続々 漂萍の記 老いて後 谷口 謙(北丹)―<8>浜田
松江高校、2年生の時だったと思う。2年生全員、理甲が3組、理乙が2組、文甲、文乙1組ずつ、1クラスが40人だから、欠席者がなければ合計280人になる。特別列車を使用し、浜田まで勤労奉仕に狩り出されたことがある、何の目的だったかは忘れた。とにかくスコップを使い、土を運ぶ仕事だった。ひょっとしたら、軍関係の仕事だったかもしれない。
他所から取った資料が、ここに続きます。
lemma metrically_subregular_slack_residual:
  fixes A :: "'a::real_normed_vector \<Rightarrow> 'b::real_normed_vector"
  assumes "A ub + yb \<in> T"
  shows "metrically_subregular (\<lambda>(u, y). (\<lambda>t. A u + y - t) ` T) (ub, yb) 0"
  unfolding metrically_subregular_def
proof (intro conjI exI[of _ UNIV] exI[of _ 1] ballI impI)
  show "0 \<in> (case (ub, yb) of (u, y) \<Rightarrow> (\<lambda>t. A u + y - t) ` T)"
    using assms by force
next
  fix z :: "'a \<times> 'b"
  obtain u y where z: "z = (u, y)" by fastforce
  assume "(case z of (u, y) \<Rightarrow> (\<lambda>t. A u + y - t) ` T) \<noteq> {}"
  then have ne: "(\<lambda>t. A u + y - t) ` T \<noteq> {}" by (simp add: z)
  \<comment> \<open>Every residual \<open>A u + y - t\<close> is removed by changing only the slack \<open>y\<close>.\<close>
  have "infdist (u, y) {x. 0 \<in> (case x of (u, y) \<Rightarrow> (\<lambda>t. A u + y - t) ` T)}
        \<le> 1 * infdist 0 ((\<lambda>t. A u + y - t) ` T)"
  proof (rule infdist_le_scaled_infdist[OF _ ne])
    fix r assume "r \<in> (\<lambda>t. A u + y - t) ` T"
    then obtain t where "t \<in> T" and r: "r = A u + y - t" by blast
    then have "(u, t - A u) \<in> {x. 0 \<in> (case x of (u, y) \<Rightarrow> (\<lambda>t. A u + y - t) ` T)}"
      by force
    moreover have "dist (u, y) (u, t - A u) = 1 * dist 0 r"
      by (simp add: r dist_Pair_Pair dist_norm norm_minus_commute algebra_simps)
    ultimately show "\<exists>a\<in>{x. 0 \<in> (case x of (u, y) \<Rightarrow> (\<lambda>t. A u + y - t) ` T)}.
                      dist (u, y) a \<le> 1 * dist 0 r"
      by (metis order_refl)
  qed simp
  then show "infdist z {x. 0 \<in> (case x of (u, y) \<Rightarrow> (\<lambda>t. A u + y - t) ` T)}
             \<le> 1 * infdist 0 (case z of (u, y) \<Rightarrow> (\<lambda>t. A u + y - t) ` T)"
    by (simp add: z)
qed simp_all

lemma metrically_subregular_local_error_bound:
  fixes A :: "'a::real_normed_vector \<Rightarrow> 'b::real_normed_vector"
  assumes "metrically_subregular (\<lambda>u. (\<lambda>t. A u - t) ` T) 0 0"
  obtains e \<kappa> where "e > 0" and "\<kappa> > 0"
    and "\<And>u y. norm u < e \<Longrightarrow> A u + y \<in> T \<Longrightarrow> infdist u {v. A v \<in> T} \<le> \<kappa> * norm y"
proof -
  obtain W \<kappa> where "open W" "0 \<in> W" "\<kappa> > 0"
    and W: "\<forall>u\<in>W. (\<lambda>t. A u - t) ` T \<noteq> {} \<longrightarrow>
          infdist u {x. 0 \<in> (\<lambda>t. A x - t) ` T} \<le> \<kappa> * infdist 0 ((\<lambda>t. A u - t) ` T)"
    using assms unfolding metrically_subregular_def by blast
  obtain e where "e > 0" and e: "ball 0 e \<subseteq> W"
    using \<open>open W\<close> \<open>0 \<in> W\<close> open_contains_ball by blast
  have L: "{x. 0 \<in> (\<lambda>t. A x - t) ` T} = {v. A v \<in> T}" by force
  have "infdist u {v. A v \<in> T} \<le> \<kappa> * norm y" if "norm u < e" and "A u + y \<in> T" for u y
  proof -
    have "- y \<in> (\<lambda>t. A u - t) ` T"
      using \<open>A u + y \<in> T\<close> by (auto intro: image_eqI[of _ _ "A u + y"])
    then have ne: "(\<lambda>t. A u - t) ` T \<noteq> {}" and "infdist 0 ((\<lambda>t. A u - t) ` T) \<le> norm y"
      using infdist_le[of "- y" _ 0] by auto
    moreover have "u \<in> W" using e \<open>norm u < e\<close> by auto
    ultimately show ?thesis
      using W \<open>\<kappa> > 0\<close> unfolding L by (meson mult_left_mono order_trans less_imp_le)
  qed
  with \<open>e > 0\<close> \<open>\<kappa> > 0\<close> show ?thesis using that by blast
qed

lemma linear_cone_error_bound:
  fixes A :: "'a::real_normed_vector \<Rightarrow> 'b::real_normed_vector"
  assumes "linear A"
    and cone: "\<And>x c. x \<in> T \<Longrightarrow> c > 0 \<Longrightarrow> c *\<^sub>R x \<in> T"
    and subreg: "metrically_subregular (\<lambda>u. (\<lambda>t. A u - t) ` T) 0 0"
  obtains \<kappa> where "\<kappa> > 0"
    and "\<And>u y. A u + y \<in> T \<Longrightarrow> infdist u {v. A v \<in> T} \<le> \<kappa> * norm y"
proof -
  interpret linear A by fact
  obtain e \<kappa> where "e > 0" "\<kappa> > 0" and local: "\<And>u y. norm u < e \<Longrightarrow> A u + y \<in> T \<Longrightarrow>
      infdist u {v. A v \<in> T} \<le> \<kappa> * norm y"
    using metrically_subregular_local_error_bound[OF subreg] by blast
  have "0 \<in> {v. A v \<in> T}"
    using subreg unfolding metrically_subregular_def by force
  then have ne: "{v. A v \<in> T} \<noteq> {}" by blast
  \<comment> \<open>Since \<open>T\<close> is a cone, the local bound at \<open>l u\<close> rescales to a bound at \<open>u\<close>.\<close>
  have "infdist u {v. A v \<in> T} \<le> \<kappa> * norm y" if "A u + y \<in> T" for u y
  proof -
    define l where "l = e / (norm u + 1)"
    have "l > 0" using \<open>e > 0\<close> by (simp add: l_def add_nonneg_pos)
    have "norm (l *\<^sub>R u) = e * (norm u / (norm u + 1))"
      using \<open>l > 0\<close> \<open>e > 0\<close> by (simp add: l_def)
    also have "\<dots> < e" using \<open>e > 0\<close> by (simp add: add_nonneg_pos mult_less_cancel_left1 divide_less_eq)
    finally have "norm (l *\<^sub>R u) < e" .
    moreover have "A (l *\<^sub>R u) + l *\<^sub>R y \<in> T"
      using cone[OF that \<open>l > 0\<close>] by (simp add: scale scaleR_add_right)
    ultimately have bound: "infdist (l *\<^sub>R u) {v. A v \<in> T} \<le> \<kappa> * (l * norm y)"
      using local \<open>l > 0\<close> by fastforce
    have "infdist u {v. A v \<in> T} \<le> (1 / l) * infdist (l *\<^sub>R u) {v. A v \<in> T}"
    proof (rule infdist_le_scaled_infdist[OF _ ne])
      fix v assume "v \<in> {v. A v \<in> T}"
      then have "(1 / l) *\<^sub>R v \<in> {v. A v \<in> T}" using cone \<open>l > 0\<close> by (simp add: scale)
      moreover have "dist u ((1 / l) *\<^sub>R v) = (1 / l) * dist (l *\<^sub>R u) v"
      proof -
        have "u - (1 / l) *\<^sub>R v = (1 / l) *\<^sub>R (l *\<^sub>R u - v)"
          using \<open>l > 0\<close> by (simp add: scaleR_diff_right)
        then show ?thesis using \<open>l > 0\<close> by (simp add: dist_norm)
      qed
      ultimately show "\<exists>a\<in>{v. A v \<in> T}. dist u a \<le> (1 / l) * dist (l *\<^sub>R u) v"
        by (metis order_refl)
    qed (use \<open>l > 0\<close> in simp)
    also have "\<dots> \<le> (1 / l) * (\<kappa> * (l * norm y))"
      using mult_left_mono[OF bound, of "1 / l"] \<open>l > 0\<close> by simp
    also have "\<dots> = \<kappa> * norm y" using \<open>l > 0\<close> by simp
    finally show ?thesis .
  qed
  then show ?thesis using that \<open>\<kappa> > 0\<close> by blast
qed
特別列車で行ったのだし、この時の列車のスピードはすごく速かった。
学校から、稲刈りの仕事にはよく出かけた。白米を充分に食べさせていただき、嬉しかった。農夫の人たちは地元の高校生に対し、ある種の好意を持っていてくれた。ぼくたちの飢えも充分に知っていた。だが仕事は、午後から夕方までだった。
浜田では、土地の青年団とも一緒に仕事をした。クラスには、なかなか気のきいた役者がいて、独りで漫才の独演のようなことをした。だが、たいていは流行歌を歌うことだった。ぼくの記憶違いかもしれないが、「支那の夜」がよくはやっていた。地元の肥った青年が独唱、学生側から
「いよう、双葉山!」
といった野次がとぶ。青年は、頭をかいて退場をした。
女子青年団の中、目立って美貌の女性がいた。何の歌だったかは忘れた。松高生の中から、はかって組み、野次を左右からとばした。
「そばや」
「かすや」
彼女の顔にはうすい雀斑★そばかす★があった。
食事は毎日3回、どんぶり一杯の白米だった。合計して1日分何合であったかは知らない。胃腸の悪い者にはかゆ食が都合された。浅田なる同級生が朝食にかゆ食を所望した。ついでおかわりをした。現場には付きそいに教授が2人来て、数日で交替をした。
某数学教授の目録を盗み読みをした者があり、それには「かゆ食のおかわりをした 浅田」と書いてあった由。
浅田は阪大工学部を卒業し、京都市内では有数の会社の副社長まで昇った。クラスでは出世頭との評判が高い。
浅田武氏からは、年賀状を貰った。「小生も年相当に健康保険証を使わせてもらってます。お互いに健康な老後を楽しみませう」と添え書きがあった。浅田さん、めったにこの文章があなたの目に入ることはないと思いますが、万が一、お読みになったらお許しになって下さい。でもやはりあなたが有名人なのですから。